TASK TO CARRY OUT.
Reproduce exactly the line that contains "as. b \<le> a" and all lines that follow it in the records below, ending with the last one.

##########

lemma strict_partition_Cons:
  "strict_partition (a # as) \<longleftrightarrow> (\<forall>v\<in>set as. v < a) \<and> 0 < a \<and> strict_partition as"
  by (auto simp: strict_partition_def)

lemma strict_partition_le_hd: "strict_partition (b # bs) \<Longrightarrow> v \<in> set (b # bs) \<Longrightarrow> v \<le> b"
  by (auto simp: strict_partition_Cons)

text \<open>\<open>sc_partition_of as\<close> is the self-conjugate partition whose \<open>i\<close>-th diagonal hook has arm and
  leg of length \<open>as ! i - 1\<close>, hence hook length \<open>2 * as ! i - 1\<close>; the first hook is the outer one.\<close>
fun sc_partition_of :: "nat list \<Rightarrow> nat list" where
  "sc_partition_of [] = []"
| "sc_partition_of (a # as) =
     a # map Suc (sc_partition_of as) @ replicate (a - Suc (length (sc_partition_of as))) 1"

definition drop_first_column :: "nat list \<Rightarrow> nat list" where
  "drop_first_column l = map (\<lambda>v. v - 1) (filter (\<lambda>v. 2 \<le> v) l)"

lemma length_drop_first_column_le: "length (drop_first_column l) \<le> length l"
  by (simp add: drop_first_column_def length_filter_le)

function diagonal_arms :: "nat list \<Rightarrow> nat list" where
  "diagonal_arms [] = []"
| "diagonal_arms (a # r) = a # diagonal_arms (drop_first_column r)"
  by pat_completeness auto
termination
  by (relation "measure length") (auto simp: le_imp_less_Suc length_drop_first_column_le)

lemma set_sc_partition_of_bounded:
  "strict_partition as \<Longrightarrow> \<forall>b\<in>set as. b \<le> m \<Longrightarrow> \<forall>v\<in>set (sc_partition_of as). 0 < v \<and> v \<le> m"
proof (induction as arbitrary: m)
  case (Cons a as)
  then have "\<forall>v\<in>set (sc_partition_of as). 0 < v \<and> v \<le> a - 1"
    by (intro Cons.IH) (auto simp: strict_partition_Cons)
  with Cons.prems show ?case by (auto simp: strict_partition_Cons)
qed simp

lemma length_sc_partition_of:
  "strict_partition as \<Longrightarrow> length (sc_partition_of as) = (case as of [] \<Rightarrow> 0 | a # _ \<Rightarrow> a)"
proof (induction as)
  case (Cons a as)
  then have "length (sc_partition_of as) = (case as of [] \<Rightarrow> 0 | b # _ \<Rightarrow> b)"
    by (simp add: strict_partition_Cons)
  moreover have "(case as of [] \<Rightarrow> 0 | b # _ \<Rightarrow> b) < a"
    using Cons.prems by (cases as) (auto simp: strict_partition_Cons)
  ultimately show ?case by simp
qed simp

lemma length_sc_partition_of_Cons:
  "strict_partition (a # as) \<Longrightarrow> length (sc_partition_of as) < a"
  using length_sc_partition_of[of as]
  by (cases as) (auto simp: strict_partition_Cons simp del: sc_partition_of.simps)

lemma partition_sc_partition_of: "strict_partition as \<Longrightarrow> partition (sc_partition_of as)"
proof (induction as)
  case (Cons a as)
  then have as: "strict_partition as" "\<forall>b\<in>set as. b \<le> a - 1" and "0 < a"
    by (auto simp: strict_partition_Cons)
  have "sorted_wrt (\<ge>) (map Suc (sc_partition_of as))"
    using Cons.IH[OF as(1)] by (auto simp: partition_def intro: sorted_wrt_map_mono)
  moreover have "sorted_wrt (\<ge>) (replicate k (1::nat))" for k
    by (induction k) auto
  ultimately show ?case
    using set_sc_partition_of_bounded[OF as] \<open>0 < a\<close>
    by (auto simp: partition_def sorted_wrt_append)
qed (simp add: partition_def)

##########

SOLUTION TO THE EXERCISE.
  then have as: "strict_partition as" "\<forall>b\<in>set as. b \<le> a - 1" and "0 < a"
    by (auto simp: strict_partition_Cons)
  have "sorted_wrt (\<ge>) (map Suc (sc_partition_of as))"
    using Cons.IH[OF as(1)] by (auto simp: partition_def intro: sorted_wrt_map_mono)
  moreover have "sorted_wrt (\<ge>) (replicate k (1::nat))" for k
    by (induction k) auto
  ultimately show ?case
    using set_sc_partition_of_bounded[OF as] \<open>0 < a\<close>
    by (auto simp: partition_def sorted_wrt_append)
qed (simp add: partition_def)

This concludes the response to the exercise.